Images are broken down into several categories so it’s easier to find what you’re looking for. The images are good quality. Only smaller images are free to download (400 pixels wide) and accreditation must be given the the image creator.
These guys have been around since 1998 and have built up quite a collection. The site is minimalist and photo quality is variable. Searches don’t always return a lot of photos. Image attribution is required.
This has a very high quality collection of about 44,000 free stock photos, as well as logo templates, clip arts, textures and backgrounds. It’s the perfect site to find graphics for your website, then, but Stockvault’s images are free for personal, non-commercial use only.

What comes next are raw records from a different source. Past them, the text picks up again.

lemma Apoly_1: "k \<ge> 1 \<Longrightarrow> Apoly k 1 = monom 1 1"
proof -
  assume "k \<ge> 1"
  then have "{1..k} = insert 1 {2..k}" by auto
  then show ?thesis by (simp add: Apoly_pos Apoly_neg)
qed

lemma Fpoly_pos_eq_Apoly:
  assumes k: "k \<ge> 2"
  shows "monom 1 N * Fpoly k (int N + 1) = pcompose (Apoly k (int N)) (monom 1 k)"
proof (induction N rule: less_induct)
  case (less N)
  show ?case
  proof (cases "N = 0")
    case True
    then show ?thesis using k by (simp add: Fpoly_one pcompose_1)
  next
    case False
    have summand: "monom 1 N * (monom 1 (k - j) * Fpoly k (int N + 1 - int j)) =
        monom 1 k * pcompose (Apoly k (int N - int j)) (monom 1 k)" if j: "j \<in> {1..k}" for j
    proof (cases "j \<le> N")
      case True
      have "N + (k - j) = k + (N - j)" using True j by simp
      then have "monom 1 N * (monom 1 (k - j) * Fpoly k (int N + 1 - int j)) =
          monom 1 k * (monom 1 (N - j) * Fpoly k (int (N - j) + 1))"
        using Fpoly_pos_shift[OF k _ j] True False
        by (simp add: monom_1_mult_monom_1 mult.assoc[symmetric])
      also have "\<dots> = monom 1 k * pcompose (Apoly k (int (N - j))) (monom 1 k)"
        using less[of "N - j"] True j False by simp
      finally show ?thesis using True by (simp add: of_nat_diff)
    next
      case False
      then show ?thesis using Fpoly_pos_shift[OF k _ j] \<open>N \<noteq> 0\<close> by (simp add: Apoly_neg)
    qed
    have "monom 1 N * Fpoly k (int N + 1) =
        (\<Sum>j = 1..k. monom 1 N * (monom 1 (k - j) * Fpoly k (int N + 1 - int j)))"
      using k False by (simp add: Fpoly_rec_up sum_distrib_left)
    also have "\<dots> = (\<Sum>j = 1..k. monom 1 k * pcompose (Apoly k (int N - int j)) (monom 1 k))"
      using summand by (rule sum.cong[OF refl])
    also have "\<dots> = pcompose (Apoly k (int N)) (monom 1 k)"
      using False by (simp add: Apoly_pos pcompose_mult pcompose_monom_1 pcompose_sum sum_distrib_left)
    finally show ?thesis .
  qed
qed

lemma Apoly_rec:
  assumes "m \<ge> 2"
  shows "Apoly k m = [:1, 1:] * Apoly k (m - 1) - monom 1 1 * Apoly k (m - 1 - int k)"
proof -
  have "Apoly k m + monom 1 1 * Apoly k (m - 1 - int k) = Apoly k (m - 1) + monom 1 1 * Apoly k (m - 1)"
    using assms arg_cong[OF sum_sliding_window[of "Apoly k"], of "\<lambda>x. monom 1 1 * x"]
    by (simp add: Apoly_pos algebra_simps)
  moreover have "[:1, 1:] = 1 + (monom 1 1 :: int poly)" by (simp add: monom_Suc one_pCons)
  ultimately show ?thesis by (simp add: algebra_simps)
qed

lemma coeff_Apoly_eq_0: "k * m < N \<Longrightarrow> coeff (Apoly k (int N)) m = 0"
proof (induction N arbitrary: m rule: less_induct)
  case (less N)
  have "coeff (Apoly k (int N - int p)) (m - 1) = 0" if "p \<in> {1..k}" "m > 0" for p
  proof (cases "p \<le> N")
    case True
    have "k * (m - 1) + k = k * m" using that(2) by (cases m) auto
    moreover have "p \<le> k" using that(1) by simp
    ultimately have "k * (m - 1) < N - p" using less.prems True by linarith
    then show ?thesis using less.IH[of "N - p"] True that by (simp add: of_nat_diff)
  qed (simp add: Apoly_neg)
  then show ?case using less.prems by (simp add: Apoly_pos coeff_monom_mult coeff_sum)
qed

lemma coeff_Apoly_nonneg: "coeff (Apoly k m) i \<ge> 0"
proof (induction m arbitrary: i rule: Apoly.induct)
  case (1 k m)
  consider "m < 0" | "m = 0" | "m > 0" by linarith
  then show ?case
    by cases (use 1 in \<open>auto simp: Apoly_pos Apoly_neg coeff_monom_mult coeff_sum intro!: sum_nonneg\<close>)
qed

lemma coeff_Apoly_pos: "k \<ge> 1 \<Longrightarrow> N \<le> k * m \<Longrightarrow> k * m < N + k \<Longrightarrow> coeff (Apoly k (int N)) m > 0"
proof (induction N arbitrary: m rule: less_induct)
  case (less N)
  show ?case
  proof (cases "N = 0")
    case True
    then have "m = 0" using less.prems by (cases m) auto
    then show ?thesis using True by simp
  next
    case False
    then obtain m' where m': "m = Suc m'" using less.prems by (cases m) auto
    define p where "p = min k N"
    have p: "p \<in> {1..k}" "p \<le> N" using False less.prems by (auto simp: p_def)
    have "k \<le> N" if "m' > 0"
    proof -
      have "k \<le> k * m'" "k * m = k + k * m'" using that m' by simp_all
      then show ?thesis using less.prems(3) by linarith
    qed
    then have "N - p \<le> k * m' \<and> k * m' < N - p + k"
      using less.prems unfolding m' p_def by (cases "m' = 0") (auto simp: min_def)
    then have "coeff (Apoly k (int N - int p)) m' > 0"
      using less.IH[of "N - p"] p less.prems by (simp add: of_nat_diff)
    then have "(\<Sum>p = 1..k. coeff (Apoly k (int N - int p)) m') > 0"
      by (intro sum_pos2[OF _ p(1)]) (auto simp: coeff_Apoly_nonneg)
    then show ?thesis using False m' by (simp add: Apoly_pos coeff_monom_mult coeff_sum)
  qed
qed

text \<open>The quotient \<open>q\<close> ranges over the integers so that the indices \<open>1 - k \<le> N < 0\<close>, where
  \<open>q = -1\<close>, are covered as well; there the value is \<open>0\<close>, matching the vanishing polynomial.\<close>

definition A_lead :: "int \<Rightarrow> int \<Rightarrow> int" where
  "A_lead q j = (if j = 0 then 1 else - int (nat (q + j - 1) choose (nat j - 1)))"

lemma A_lead_rec:
  assumes "q \<ge> 0" "j \<le> 1 \<Longrightarrow> q \<ge> 1"
  shows "A_lead q j = (if j \<ge> 2 then A_lead q (j - 1) else 0) + A_lead (q - 1) j"
proof (cases "j \<ge> 2")
  case True
  then have "nat (q + j - 1) = Suc (nat (q + j - 2))" "nat (q + (j - 1) - 1) = nat (q + j - 2)"
    "nat (q - 1 + j - 1) = nat (q + j - 2)" "nat (j - 1) - 1 = nat j - 2" "nat j - 1 = Suc (nat j - 2)"
    using assms by linarith+
  then show ?thesis using True by (simp add: A_lead_def)
qed (use assms in \<open>auto simp: A_lead_def\<close>)

lemma Apoly_lead_at_minus_one_initial:
  assumes k: "k \<ge> 2" and N: "1 - int k \<le> N" "N \<le> 1" "N = q * (int k + 1) + j" "0 \<le> j" "j \<le> int k"
  shows "lead_at_minus_one (nat j - 1) (A_lead q j) (Apoly k N)"
proof -
  consider "N < 0" | "N = 0" | "N = 1" using N by linarith
  then show ?thesis
  proof cases
    case 1
    have "N = (int k + 1) * (-1) + (N + int k + 1)" by simp
    from int_div_pos_eq[OF this] have "q = -1"
      using int_div_pos_eq[of N "int k + 1" q j] N 1 by (simp add: mult.commute)
    then have "A_lead q j = 0" using N 1 by (simp add: A_lead_def)
    then show ?thesis using 1 by (simp add: Apoly_neg lead_at_minus_one_zero)
  next
    case 2
    then have "q = 0" "j = 0" using int_div_pos_eq[of N "int k + 1" q j] N by (simp_all add: mult.commute)
    then show ?thesis using 2 lead_at_minus_one_poly[of 1] by (simp add: A_lead_def)
  next
    case 3
    then have "q = 0" "j = 1" using int_div_pos_eq[of N "int k + 1" q j] N k by (simp_all add: mult.commute)
    then show ?thesis using 3 k lead_at_minus_one_poly[of "monom 1 1"] by (simp add: A_lead_def Apoly_1 poly_monom)
  qed
qed

lemma linear_mult_Apoly_lead_at_minus_one:
  assumes k: "k \<ge> 2" and N: "N = q * (int k + 1) + j" "0 \<le> j" "j \<le> int k" "q \<ge> 0" "j \<le> 1 \<Longrightarrow> q \<ge> 1"
    and IH: "\<And>q' j'. N - 1 = q' * (int k + 1) + j' \<Longrightarrow> 0 \<le> j' \<Longrightarrow> j' \<le> int k \<Longrightarrow>
      lead_at_minus_one (nat j' - 1) (A_lead q' j') (Apoly k (N - 1))"
  shows "lead_at_minus_one (nat j - 1) (if j \<ge> 2 then A_lead q (j - 1) else 0) ([:1, 1:] * Apoly k (N - 1))"
proof -
  consider "j = 0" | "j = 1" | "j \<ge> 2" using N by linarith
  then show ?thesis
  proof cases
    case 1
    then have "lead_at_minus_one (k - 1) (A_lead (q - 1) (int k)) (Apoly k (N - 1))"
      using IH[of "q - 1" "int k"] N k by (simp add: algebra_simps)
    then show ?thesis using 1 k lead_at_minus_one_mult[OF lead_at_minus_one_linear]
      by (auto intro: lead_at_minus_one_less)
  next
    case 2
    then have "lead_at_minus_one 0 1 (Apoly k (N - 1))"
      using IH[of q 0] N by (simp add: algebra_simps A_lead_def)
    then show ?thesis using 2 lead_at_minus_one_mult[OF lead_at_minus_one_linear]
      by (auto intro: lead_at_minus_one_less)
  next
    case 3
    then have "lead_at_minus_one (nat j - 2) (A_lead q (j - 1)) (Apoly k (N - 1))"
      using IH[of q "j - 1"] N by (simp add: algebra_simps nat_diff_distrib' numeral_2_eq_2)
    moreover have "1 + (nat j - 2) = nat j - 1" using 3 by linarith
    ultimately show ?thesis using 3 lead_at_minus_one_mult[OF lead_at_minus_one_linear] by fastforce
  qed
qed

lemma Apoly_lead_at_minus_one:
  assumes k: "k \<ge> 2"
  shows "1 - int k \<le> N \<Longrightarrow> N = q * (int k + 1) + j \<Longrightarrow> 0 \<le> j \<Longrightarrow> j \<le> int k \<Longrightarrow>
    lead_at_minus_one (nat j - 1) (A_lead q j) (Apoly k N)"
proof (induction "nat (N + int k)" arbitrary: N q j rule: less_induct)
  case less
  note N = less.prems
  have IH: "lead_at_minus_one (nat j' - 1) (A_lead q' j') (Apoly k N')"
    if "N' < N" "1 - int k \<le> N'" "N' = q' * (int k + 1) + j'" "0 \<le> j'" "j' \<le> int k" for N' q' j'
    using less.hyps[of N' q' j'] that by simp
  show ?case
  proof (cases "N \<le> 1")
    case True
    then show ?thesis using Apoly_lead_at_minus_one_initial[OF k] N by blast
  next
    case False
    then have N2: "N \<ge> 2" by simp
    have q: "q \<ge> 0" "j \<le> 1 \<Longrightarrow> q \<ge> 1" using quotient_bounds[OF N2 N(2,3)] N(4) by simp_all
    have "lead_at_minus_one (nat j - 1) (if j \<ge> 2 then A_lead q (j - 1) else 0) ([:1, 1:] * Apoly k (N - 1))"
      by (rule linear_mult_Apoly_lead_at_minus_one[OF k N(2-4) q]) (use IH N2 k in auto)
    moreover have "lead_at_minus_one (nat j - 1) ((-1) ^ 1 * A_lead (q - 1) j) (monom 1 1 * Apoly k (N - 1 - int k))"
      using lead_at_minus_one_mult[OF lead_at_minus_one_monom[of 1] IH[of "N - 1 - int k" "q - 1" j]] N q N2
      by (simp add: algebra_simps)
    ultimately show ?thesis
      using lead_at_minus_one_diff A_lead_rec[OF q] by (fastforce simp: Apoly_rec[OF N2])
  qed
qed

lemma rr_pos:
  assumes k: "k \<ge> 2"
  shows "rr k (int N + 1) < k" "k dvd N + rr k (int N + 1)"
proof -
  define t where "t = ((int k - 1) * int N) mod int k"
  have t: "0 \<le> t" "t < int k" and r: "rr k (int N + 1) = nat t" using k by (simp_all add: t_def rr_def)
  have "(int N + t) mod int k = (int k * int N) mod int k"
    unfolding t_def by (simp add: mod_add_right_eq algebra_simps)
  then have "int k dvd int (N + nat t)" using t by (simp add: mod_eq_0_iff_dvd)
  then show "rr k (int N + 1) < k" "k dvd N + rr k (int N + 1)" using r t by (simp_all only: of_nat_dvd_iff)
qed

There are no significant restrictions on the use of the photos here. This site is strictly non-profit, so you won’t be hassled by the usual collection of annoying ads.
12. Free Media Goo
Weird name but has a small collection of free-to-use images. There’s only 6 categories with 15-20 images in each, but there are some interesting background images here.
13. Pixel Perfect Digital
This site offers free stock photos, backgrounds, textures and other design elements. The images are provided under a Creative Commons Attribution License. you can remix, tweak images, even commercially, so long as you credit pixelperfectdigital.com for the original image. There are over 4,000 stock photos, organized in categories from Abstract and Animals to Places and Transportation.
UPDATE: This site is no longer online.
14. Free Range Stock
You should find something of use here, though it might take a bit of digging as the search doesn’t always return images related to your keyword. You need to sign up for a free account before you get access to the images. Attribution is not required but is appreciated.
This is a part of the Wikipedia umbrella project. Users are allowed to use any of the site’s photos, audio, videos, and other media freely. There’s some good stuff here.
This is a hub site that links to other U.S. government sites which contain hundreds of thousands free and public domain images in categories such as forests, animals, birds, Air Force, Army, coast guard, crops, fish, fire, fruits, geology, health, lab research, mammals, money, mountains, NASA, Navy, parks, plants, Presidents, space, storms, volcanos, war, wildlife, and whole lot more. You need to read the disclaimers on each site before using any images. Some images are in the public domain or are U.S. government works and may be used without permission or fee; other images may have licenses/restrictions attached.
18. PD Photo
A sizable collection of mostly public domain photos (so no attribution necessary). A few photos do have licenses attached so make sure to check each photo for these before you use them.
This is a simple, easy to navigate site with almost 65,000 high quality photos and illustrations, all of which can be used freely for any purpose, without attribution.
20. Image Suite
ImageSuite is a software app that searches through 6 creative commons libraries for 100% free images that do not require any attribution. Those libraries are Google Images, Flickr, Pixabay. Europeana, WikiMedia Commons and OpenCliart.
This puts 1,000s of high-quality images at your fingertips. Just put in your keyword in the search box and within few seconds ImageSuite will return a range of high definition quality images you can adapt and use in your blog post. Navigating through the image list is easy.
The software also allows you to edit images (no need ofr PhotoShop), add photo effect filters, lighting effects and Warhol-like mosaics (the software actually contains dozens of effects).
On top of that, you can add text, borders, stickers, overlays and more.
In short, ImageSuite allows you to fully customize images to your individual tastes and provides ultimate control over what images your readers will see when they visit your site.